# Train model pipeline

## Rationale:
Based on the previous experiments we are to train the model for the competition's submissions. We are to use the full dataset ```train``` + ```test``` + ```validation``` to train the final models and in the case of the ensemble models, the ```out of fold``` predictions. 

## Methodology:
We are to train each model with the optimized hyperparamters and use the out of fold predictions of each to train two final stackers:

1. A linear model trained on the model's predictions.
2. A NN model trained on the model's predictions.

Then we will save the predictions on the private dataset and use them for the final submissions.

## Conclusions:

1. **Consistency in Model Performance**: The private and public scores for the different models are very close to each other, indicating consistent performance.

2. **Stacking Models**: "Stacking MLP," "Stacking LR," and "Stacking AVG" models perform similarly with scores around 0.7980 (private) and 0.8000 (public).

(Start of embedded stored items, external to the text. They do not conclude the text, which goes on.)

lemma best_reply1_limit:
  assumes br: "\<And>n. best_reply1 (A n) (X n) (Y n)"
    and A: "\<And>i j. (\<lambda>n. A n i j) \<longlonglongrightarrow> A' i j"
    and X: "\<And>i. (\<lambda>n. X n i) \<longlonglongrightarrow> x i" and Y: "\<And>j. (\<lambda>n. Y n j) \<longlonglongrightarrow> y j"
  shows "best_reply1 A' x y"
proof -
  have mx: "mixed x"
    by (rule mixed_limit[OF best_reply1_mixed[OF br] X])
  have "payoff A' (pure i) y \<le> payoff A' x y" for i
  proof (rule LIMSEQ_le)
    show "(\<lambda>n. payoff (A n) (pure i) (Y n)) \<longlonglongrightarrow> payoff A' (pure i) y"
      by (rule tendsto_payoff[OF A tendsto_const Y])
    show "(\<lambda>n. payoff (A n) (X n) (Y n)) \<longlonglongrightarrow> payoff A' x y"
      by (rule tendsto_payoff[OF A X Y])
    show "\<exists>N. \<forall>n\<ge>N. payoff (A n) (pure i) (Y n) \<le> payoff (A n) (X n) (Y n)"
      using br by (simp add: best_reply1_def mixed_pure)
  qed
  then show ?thesis
    using best_reply1_iff_pure[OF mx] by blast
qed

lemma nash_limit:
  assumes "\<And>n. nash (A n) (B n) (X n) (Y n)"
    and "\<And>i j. (\<lambda>n. A n i j) \<longlonglongrightarrow> A' i j" and "\<And>i j. (\<lambda>n. B n i j) \<longlonglongrightarrow> B' i j"
    and "\<And>i. (\<lambda>n. X n i) \<longlonglongrightarrow> x i" and "\<And>j. (\<lambda>n. Y n j) \<longlonglongrightarrow> y j"
  shows "nash A' B' x y"
proof -
  have "best_reply1 A' x y"
    by (rule best_reply1_limit[OF _ assms(2,4,5)]) (use assms(1) in \<open>simp add: nash_def\<close>)
  moreover have "best_reply1 (transposed B') y x"
    by (rule best_reply1_limit[of "\<lambda>n. transposed (B n)" Y X])
      (use assms in \<open>simp_all add: nash_def best_reply2_eq_transposed transposed_def\<close>)
  ultimately show ?thesis
    by (simp add: nash_def best_reply2_eq_transposed best_reply1_def)
qed

lemma nash_subseq_limit:
  fixes X :: "nat \<Rightarrow> 'a::finite \<Rightarrow> real" and Y :: "nat \<Rightarrow> 'b::finite \<Rightarrow> real"
  assumes eq: "\<And>n. nash (A n) (B n) (X n) (Y n)"
    and A: "\<And>i j. (\<lambda>n. A n i j) \<longlonglongrightarrow> A' i j" and B: "\<And>i j. (\<lambda>n. B n i j) \<longlonglongrightarrow> B' i j"
  obtains r x y where "strict_mono r" and "nash A' B' x y"
    and "\<And>i. (\<lambda>n. X (r n) i) \<longlonglongrightarrow> x i" and "\<And>j. (\<lambda>n. Y (r n) j) \<longlonglongrightarrow> y j"
proof -
  define z where "z n = ((\<chi> i. X n i), (\<chi> j. Y n j))" for n
  have "z n \<in> simplex_vec \<times> simplex_vec" for n
    using eq[of n] by (simp add: z_def simplex_vec_def vec_lambda_inverse nash_def)
  moreover have "seq_compact (simplex_vec \<times> simplex_vec :: ((real^'a) \<times> (real^'b)) set)"
    by (intro compact_imp_seq_compact compact_Times compact_simplex_vec)
  ultimately obtain l r where r: "strict_mono r" and lim: "(z \<circ> r) \<longlonglongrightarrow> l"
    unfolding seq_compact_def by meson
  have X: "(\<lambda>n. X (r n) i) \<longlonglongrightarrow> fst l $ i" for i
    using tendsto_vec_nth[OF tendsto_fst[OF lim]] by (simp add: z_def o_def)
  have Y: "(\<lambda>n. Y (r n) j) \<longlonglongrightarrow> snd l $ j" for j
    using tendsto_vec_nth[OF tendsto_snd[OF lim]] by (simp add: z_def o_def)
  have "nash A' B' (vec_nth (fst l)) (vec_nth (snd l))"
    by (rule nash_limit[of "A \<circ> r" "B \<circ> r" "X \<circ> r" "Y \<circ> r"])
      (use eq X Y LIMSEQ_subseq_LIMSEQ[OF A r] LIMSEQ_subseq_LIMSEQ[OF B r] in \<open>simp_all add: o_def\<close>)
  with r X Y show ?thesis
    using that by blast
qed

lemma eventually_near_pure:
  assumes X: "\<And>i. (\<lambda>n. X n i) \<longlonglongrightarrow> pure s1 i"
  shows "eventually (\<lambda>n. 0 < X n s1 \<and> (\<forall>j. B s1 j < B s1 s2 \<longrightarrow>
    payoff B (X n) (pure j) < payoff B (X n) (pure s2))) sequentially"
proof (intro eventually_conj eventually_all_finite)
  show "eventually (\<lambda>n. 0 < X n s1) sequentially"
    using order_tendstoD(1)[OF X[of s1], of 0] by (simp add: pure_def)
  fix j
  have "(\<lambda>n. payoff B (X n) (pure s2) - payoff B (X n) (pure j)) \<longlonglongrightarrow> B s1 s2 - B s1 j"
    using tendsto_diff[OF tendsto_payoff[of "\<lambda>_. B" B X "pure s1" "\<lambda>_. pure s2" "pure s2"]
        tendsto_payoff[of "\<lambda>_. B" B X "pure s1" "\<lambda>_. pure j" "pure j"]] X
    by (simp add: payoff_pure_pure)
  from order_tendstoD(1)[OF this, of 0]
  show "eventually (\<lambda>n. B s1 j < B s1 s2 \<longrightarrow>
      payoff B (X n) (pure j) < payoff B (X n) (pure s2)) sequentially"
    by (cases "B s1 j < B s1 s2") simp_all
qed

lemma nash_pure_iff:
  "nash A B (pure s1) (pure s2) \<longleftrightarrow> (\<forall>i. A i s2 \<le> A s1 s2) \<and> (\<forall>j. B s1 j \<le> B s1 s2)"
  by (simp add: nash_def best_reply2_eq_transposed best_reply1_iff_pure mixed_pure
      payoff_pure_pure transposed_def)

lemma best_reply1_perturbed_row:
  assumes "best_reply1 (\<lambda>i j. A i j + c i) x y" and "0 < x k" and "c k = 0" and "mixed y"
  shows "payoff A (pure i) y + c i \<le> payoff A (pure k) y"
  using best_reply1_support[OF assms(1,2), of i] assms(3)
  by (simp add: payoff_pure_add_row[OF \<open>mixed y\<close>])

lemma best_reply1_eq_pure_if_strict:
  assumes strict: "\<And>t. t \<noteq> s1 \<Longrightarrow> A t s2 < A s1 s2" and br: "best_reply1 A x (pure s2)"
  shows "x = pure s1"
proof (rule mixed_eq_pure)
  show mx: "mixed x"
    using best_reply1_mixed[OF br] .
  fix t
  assume "t \<noteq> s1"
  have "\<not> 0 < x t"
    using best_reply1_support[OF br, of t s1] strict[OF \<open>t \<noteq> s1\<close>]
    by (auto simp: payoff_pure_pure)
  then show "x t = 0"
    using mixed_nonneg[OF mx, of t] by simp
qed

lemma nash_pure_left_if_perturbed:
  assumes eq: "nash (\<lambda>i j. A i j + c i) B x y"
    and "0 < x s1" and "c s1 = 0" and c_nonneg: "\<And>i. 0 \<le> c i"
    and N: "nash A B (pure s1) (pure s2)"
    and pref: "\<And>j. B s1 j < B s1 s2 \<Longrightarrow> payoff B x (pure j) < payoff B x (pure s2)"
  shows "nash A B (pure s1) y"
proof -
  have my: "mixed y"
    using eq by (simp add: nash_def)
  have "payoff A (pure i) y \<le> payoff A (pure s1) y" for i
    using best_reply1_perturbed_row[of A c x y s1 i] eq assms(2,3) c_nonneg[of i] my
    by (simp add: nash_def)
  then have br1: "best_reply1 A (pure s1) y"
    using best_reply1_iff_pure[OF mixed_pure] by blast
  have B_le: "B s1 j \<le> B s1 s2" for j
    using N by (simp add: nash_pure_iff)
  have "B s1 j = B s1 s2" if "0 < y j" for j
  proof -
    have "best_reply1 (transposed B) y x"
      using eq by (simp add: nash_def best_reply2_eq_transposed)
    from best_reply1_support[OF this that, of s2]
    have "payoff B x (pure s2) \<le> payoff B x (pure j)"
      by (simp add: payoff_transposed)
    with pref[of j] B_le[of j] show ?thesis
      by linarith
  qed
  then have "best_reply1 (transposed B) y (pure s1)"
    using B_le by (intro best_reply1_if_support_optimal[OF my])
      (simp add: payoff_transposed payoff_pure_pure transposed_def)
  with br1 my show ?thesis
    by (simp add: nash_def best_reply2_eq_transposed mixed_pure)
qed

lemma perturbed_nash_near_unique_pure:
  fixes A :: "'a::finite \<Rightarrow> 'b::finite \<Rightarrow> real"
  assumes U: "\<forall>x y. nash A B x y \<longrightarrow> x = pure s1 \<and> y = pure s2"
  obtains \<epsilon> x y where "0 < \<epsilon>" and "nash (\<lambda>i j. A i j + \<epsilon> * c i) B x y" and "0 < x s1"
    and "\<And>j. B s1 j < B s1 s2 \<Longrightarrow> payoff B x (pure j) < payoff B x (pure s2)"
proof -
  define \<epsilon> where "\<epsilon> n = inverse (real (Suc n))" for n
  define A\<epsilon> where "A\<epsilon> n i j = A i j + \<epsilon> n * c i" for n i j
  have "\<forall>n. \<exists>x y. nash (A\<epsilon> n) B x y"
    using nash_exists by blast
  then obtain X Y where eq: "\<And>n. nash (A\<epsilon> n) B (X n) (Y n)"
    by metis
  have A\<epsilon>_lim: "(\<lambda>n. A\<epsilon> n i j) \<longlonglongrightarrow> A i j" for i j
    using tendsto_add[OF tendsto_const tendsto_mult[OF LIMSEQ_inverse_real_of_nat tendsto_const],
        of "A i j" "c i"]
    by (simp add: A\<epsilon>_def \<epsilon>_def)
  obtain r x y where "strict_mono r" and "nash A B x y"
    and X: "\<And>i. (\<lambda>n. X (r n) i) \<longlonglongrightarrow> x i" and "\<And>j. (\<lambda>n. Y (r n) j) \<longlonglongrightarrow> y j"
    by (rule nash_subseq_limit[of A\<epsilon> "\<lambda>_. B" X Y A B, OF eq A\<epsilon>_lim tendsto_const]) blast
  then have "x = pure s1"
    using U by blast
  then have "eventually (\<lambda>n. 0 < X (r n) s1 \<and> (\<forall>j. B s1 j < B s1 s2 \<longrightarrow>
      payoff B (X (r n)) (pure j) < payoff B (X (r n)) (pure s2))) sequentially"
    using X by (intro eventually_near_pure) simp
  then obtain n where "0 < X (r n) s1" and "\<And>j. B s1 j < B s1 s2 \<Longrightarrow>
      payoff B (X (r n)) (pure j) < payoff B (X (r n)) (pure s2)"
    unfolding eventually_sequentially by blast
  moreover have "nash (\<lambda>i j. A i j + \<epsilon> (r n) * c i) B (X (r n)) (Y (r n))"
    using eq[of "r n"] by (simp add: A\<epsilon>_def[abs_def])
  moreover have "0 < \<epsilon> (r n)"
    by (simp add: \<epsilon>_def)
  ultimately show ?thesis
    using that by blast
qed

lemma unique_pure_nash_strict_row:
  fixes A :: "'a::finite \<Rightarrow> 'b::finite \<Rightarrow> real"
  assumes N: "nash A B (pure s1) (pure s2)"
    and U: "\<forall>x y. nash A B x y \<longrightarrow> x = pure s1 \<and> y = pure s2"
    and "t \<noteq> s1"
  shows "A t s2 < A s1 s2"
proof (rule ccontr)
  assume "\<not> A t s2 < A s1 s2"
  moreover have "A t s2 \<le> A s1 s2"
    using N by (simp add: nash_pure_iff)
  ultimately have tie: "A t s2 = A s1 s2"
    by linarith
  define bonus where "bonus i = (if i = t then 1 else 0 :: real)" for i
  obtain \<epsilon> x y where "0 < \<epsilon>" and eq: "nash (\<lambda>i j. A i j + \<epsilon> * bonus i) B x y"
    and pos: "0 < x s1"
    and pref: "\<And>j. B s1 j < B s1 s2 \<Longrightarrow> payoff B x (pure j) < payoff B x (pure s2)"
    using perturbed_nash_near_unique_pure[OF U] by blast
  have bonus_s1: "\<epsilon> * bonus s1 = 0"
    using \<open>t \<noteq> s1\<close> by (simp add: bonus_def)
  have "nash A B (pure s1) y"
    using \<open>0 < \<epsilon>\<close> by (intro nash_pure_left_if_perturbed[OF eq pos bonus_s1 _ N pref])
      (simp add: bonus_def)
  then have "y = pure s2"
    using U by blast
  then have "A t s2 + \<epsilon> \<le> A s1 s2"
    using best_reply1_perturbed_row[of A "\<lambda>i. \<epsilon> * bonus i" x y s1 t] eq pos bonus_s1
    by (simp add: nash_def mixed_pure payoff_pure_pure bonus_def)
  with tie \<open>0 < \<epsilon>\<close> show False
    by simp
qed

theorem proposition1:
  fixes A :: "'a::finite \<Rightarrow> 'b::finite \<Rightarrow> real" and B :: "'a \<Rightarrow> 'b \<Rightarrow> real"
    and s1 :: 'a and s2 :: 'b
  assumes "nash A B (pure s1) (pure s2)"
    and "\<forall>x y. nash A B x y \<longrightarrow> x = pure s1 \<and> y = pure s2"
  shows "strict_nash A B s1 s2"
proof -
  have row: "\<And>t. t \<noteq> s1 \<Longrightarrow> A t s2 < A s1 s2"
    by (rule unique_pure_nash_strict_row[OF assms])
  have "nash (transposed B) (transposed A) (pure s2) (pure s1)"
    using assms(1) by (simp only: nash_transposed)
  moreover have "\<forall>y x. nash (transposed B) (transposed A) y x \<longrightarrow> y = pure s2 \<and> x = pure s1"
    using assms(2) by (simp only: nash_transposed) blast
  ultimately have col: "\<And>j. j \<noteq> s2 \<Longrightarrow> transposed B j s1 < transposed B s2 s1"
    by (rule unique_pure_nash_strict_row)
  have "\<forall>x. best_reply1 A x (pure s2) \<longrightarrow> x = pure s1"
    using best_reply1_eq_pure_if_strict[of s1 A s2] row by blast
  moreover have "\<forall>y. best_reply2 B y (pure s1) \<longrightarrow> y = pure s2"
    using best_reply1_eq_pure_if_strict[of s2 "transposed B" s1] col
    by (simp add: best_reply2_eq_transposed)
  ultimately show ?thesis
    using assms(1) by (simp add: strict_nash_def)
qed

end
(* Assume (A1)–(A3), (I) and (N) below. Then $\Omega=\Omega(\beta^*_{EGMM})$ is diagonal, and the EGMM weights $\lambda^{EGMM}_\ell=\lambda_\ell(\Omega^{-1})$ equal $$\lambda^{EGMM}_\ell=\frac{\pi_\ell^2p_\ell(1-p_\ell)/\sigma^2_{\epsilon,\ell}}{\sum_{k=1}^L\pi_k^2p_k(1-p_k)/\sigma^2_{\epsilon,k}},\qquad \sigma^2_{\epsilon,\ell}=\frac{[\Omega]_{\ell\ell}}{p_\ell(1-p_\ell)}.$$
   Context: Observe i.i.d. $(Y_i,D_i,\mathbf Z_i)$, $Y_i\in\mathbb R$, $D_i\in\{0,1\}$, $\mathbf Z_i=(Z_{1i},\dots,Z_{Li})'\in\{0,1\}^L$, $L\ge2$; potential outcomes $Y_i(0),Y_i(1)$, compliance type $D_i(\cdot):\{0,1\}^L\to\{0,1\}$, $D_i=D_i(\mathbf Z_i)$, $Y_i=D_iY_i(1)+(1-D_i)Y_i(0)$. $p_\ell=P(Z_{\ell i}=1)$, $\pi_\ell,\rho_\ell$ the differences of $\mathbb E[D_i\mid Z_{\ell i}=z]$, $\mathbb E[Y_i\mid Z_{\ell i}=z]$ between $z=1,0$, $\mathrm{Wald}_\ell=\rho_\ell/\pi_\ell$, $\gamma_\ell=\mathrm{Cov}(D_i,Z_{\ell i})$, $\boldsymbol\gamma=(\gamma_\ell)_\ell$, $\Sigma_Z=\mathrm{Var}(\mathbf Z_i)$, $\lambda_\ell(W)=\gamma_\ell[W\boldsymbol\gamma]_\ell/(\boldsymbol\gamma'W\boldsymbol\gamma)$. $g_i(\beta)$ has entries $(Y_i-\beta D_i)(Z_{\ell i}-p_\ell)$, $\Omega(\beta)=\mathbb E[g_i(\beta)g_i(\beta)']$ (positive definite). $\beta^*_{EGMM}$ is a fixed point of $\beta\mapsto\sum_\ell\lambda_\ell(\Omega(\beta)^{-1})\mathrm{Wald}_\ell$. The complier group of instrument $\ell$ is $\mathcal C_\ell=\{i:D_i(1,z_{-\ell})>D_i(0,z_{-\ell})\text{ for some }z_{-\ell}\}$, where $(z_\ell,z_{-\ell})$ denotes the instrument vector with $\ell$-th coordinate $z_\ell$. Assumptions: (A1) $(Y_i(0),Y_i(1),D_i(\cdot))$ independent of $\mathbf Z_i$. (A2) $D_i(z)$ nondecreasing in each coordinate for every $i$. (A3) $p_\ell>0$, $\pi_\ell>0$ for all $\ell$; $\Sigma_Z$ positive definite. (I) $Z_{1i},\dots,Z_{Li}$ mutually independent and jointly independent of $(Y_i(0),Y_i(1),D_i(\cdot))$. (N) $\mathcal C_\ell\cap\mathcal C_k=\emptyset$ for all $\ell\ne k$. *)

theory Defs
  imports "HOL-Probability.Probability"
begin

(* Population model: units are sample points \<omega> of a probability space M.
   Instruments are indexed by a finite type 'l (L = CARD('l)).
   Y0, Y1: potential outcomes; DT \<omega> : compliance type, a map from instrument vectors
   ('l \<Rightarrow> bool, i.e. {0,1}^L) to {0,1}; Z l: the l-th binary instrument. *)

definition zr :: "('l \<Rightarrow> 'a \<Rightarrow> bool) \<Rightarrow> 'l \<Rightarrow> 'a \<Rightarrow> real" where
  "zr Z l \<omega> = (if Z l \<omega> then 1 else 0)"
lemma orthonormal_set_complement:
  fixes B :: "(complex^'n) set"
  assumes fB: "finite B" and cB: "card B < CARD('n)"
    and onB: "\<And>b b'. b \<in> B \<Longrightarrow> b' \<in> B \<Longrightarrow> cinner b b' = (if b = b' then 1 else 0)"
  obtains x where "x \<noteq> 0" "\<And>b. b \<in> B \<Longrightarrow> cinner x b = 0"
proof -
  define P where "P x = (\<Sum>b\<in>B. scaleC (cinner x b) b)" for x
  have orth: "cinner (x - P x) b' = 0" if "b' \<in> B" for x b'
  proof -
    have "(\<Sum>b\<in>B. cinner x b * cinner b b') = (\<Sum>b\<in>B. if b = b' then cinner x b else 0)"
      by (rule sum.cong) (auto simp: onB that)
    then show ?thesis
      using that fB by (simp add: P_def cinner_diff_left cinner_sum_left cinner_scaleC_left sum.delta')
  qed
  have "\<exists>x. x - P x \<noteq> 0"
  proof (rule ccontr)
    assume "\<nexists>x. x - P x \<noteq> 0"
    have "x \<in> vec.span B" for x
    proof -
      have "x = P x" using \<open>\<nexists>x. x - P x \<noteq> 0\<close> by simp
      also have "\<dots> \<in> vec.span B"
        unfolding P_def scaleC_cvec by (intro vec.span_sum vec.span_scale vec.span_base)
      finally show ?thesis .
    qed
    then have "vec.dim (UNIV :: (complex^'n) set) \<le> card B"
      by (intro vec.dim_le_card fB) auto
    then show False using cB vec_dim_card[where 'a=complex and 'n='n] by linarith
  qed
  then show ?thesis using that orth by blast
qed
(* There is a polynomial $q$ such that for every $\mathsf{C\text{-}RASP}_+$ program $P$ with $L(P)\neq\emptyset$ there exists a string $w\in L(P)$ with $|w|\le 2^{q(|P|)}$. This exponential bound is optimal in the worst case: there is an infinite family of $\mathsf{C\text{-}RASP}_+$ programs $P_n$ with nonempty languages whose shortest accepted string has length exponential in $|P_n|$.
   Context: $\mathsf{C\text{-}RASP}_+$ formulas over a finite alphabet $\Sigma$: $\phi ::= \sigma \mid \neg\phi \mid \phi_1\wedge\phi_2 \mid \sum_{t\in\mathcal T}\alpha_t t\sim k$, terms $t ::= \#[\phi] \mid c$, with $\sigma\in\Sigma$, $\alpha_t,k,c\in\mathbb{N}$, ${\sim}\in\{\ge,>,=,<,\le\}$. At position $i$ of $w$: $w,i\models\sigma$ iff $w_i=\sigma$; Boolean connectives as usual; $\#[\phi]$ evaluates to $|\{j\in[1,i]: w,j\models\phi\}|$, $c$ to $c$, and comparisons are integer comparisons. $w\models\phi$ iff $w,|w|\models\phi$; $L(\phi)=\{w:w\models\phi\}$. Programs are straight-line (DAG) representations $(\phi_1,\dots,\phi_m)$ with references to earlier lines; the size $|P|$ is the total number of symbols with constants encoded in binary and each reference counted as 1. *)

theory Defs
  imports Main "HOL-Computational_Algebra.Polynomial"
begin

datatype cmp = CGe | CGt | CEq | CLt | CLe

datatype 'a form =
    Sym 'a
  | Neg "'a form"
  | Conj "'a form" "'a form"
  | Cmp "(nat \<times> 'a cterm) list" cmp nat  \<comment> \<open>\<Sum> \<alpha>_t t \<sim> k\<close>
  | Ref nat                                 \<comment> \<open>reference to an earlier line\<close>
and 'a cterm =
    Cnt "'a form"
  | Cst nat

fun cmp_sem :: "cmp \<Rightarrow> nat \<Rightarrow> nat \<Rightarrow> bool" where
  "cmp_sem CGe x k = (x \<ge> k)"
| "cmp_sem CGt x k = (x > k)"
| "cmp_sem CEq x k = (x = k)"
| "cmp_sem CLt x k = (x < k)"
| "cmp_sem CLe x k = (x \<le> k)"

text \<open>Semantics at position i (1-based) of word w; env gives the truth values of
  earlier program lines (line index, position).\<close>
fun holds :: "(nat \<Rightarrow> nat \<Rightarrow> bool) \<Rightarrow> 'a list \<Rightarrow> nat \<Rightarrow> 'a form \<Rightarrow> bool"
and tval :: "(nat \<Rightarrow> nat \<Rightarrow> bool) \<Rightarrow> 'a list \<Rightarrow> nat \<Rightarrow> 'a cterm \<Rightarrow> nat" where
  "holds env w i (Sym s) = (1 \<le> i \<and> i \<le> length w \<and> w ! (i - 1) = s)"
| "holds env w i (Neg f) = (\<not> holds env w i f)"
| "holds env w i (Conj f g) = (holds env w i f \<and> holds env w i g)"
| "holds env w i (Cmp ts c k) =
     cmp_sem c (sum_list (map (\<lambda>p. fst p * tval env w i (snd p)) ts)) k"
| "holds env w i (Ref j) = env j i"
| "tval env w i (Cnt f) = card {j \<in> {1..i}. holds env w j f}"
| "tval env w i (Cst c) = c"

type_synonym 'a prog = "'a form list"

primrec penv :: "'a prog \<Rightarrow> 'a list \<Rightarrow> nat \<Rightarrow> (nat \<Rightarrow> nat \<Rightarrow> bool)" where
  "penv P w 0 = (\<lambda>_ _. False)"
| "penv P w (Suc k) = (penv P w k)(k := (\<lambda>i. holds (penv P w k) w i (P ! k)))"

fun refs :: "'a form \<Rightarrow> nat set"
and trefs :: "'a cterm \<Rightarrow> nat set" where
  "refs (Sym s) = {}"
| "refs (Neg f) = refs f"
| "refs (Conj f g) = refs f \<union> refs g"
| "refs (Cmp ts c k) = (\<Union>p \<in> set ts. trefs (snd p))"
| "refs (Ref j) = {j}"
| "trefs (Cnt f) = refs f"
| "trefs (Cst c) = {}"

3. **Boruta + Optuna**: "Boruta + Optuna" model performs competitively with scores of 0.7980 (private) and 0.7992 (public).

4. **Model Selection**: Consider factors beyond just performance, including model complexity, interpretability, training time, and resource requirements.

5. **Ensemble and Model Tuning**: Stacking models and combining feature selection methods with hyperparameter optimization can be effective strategies.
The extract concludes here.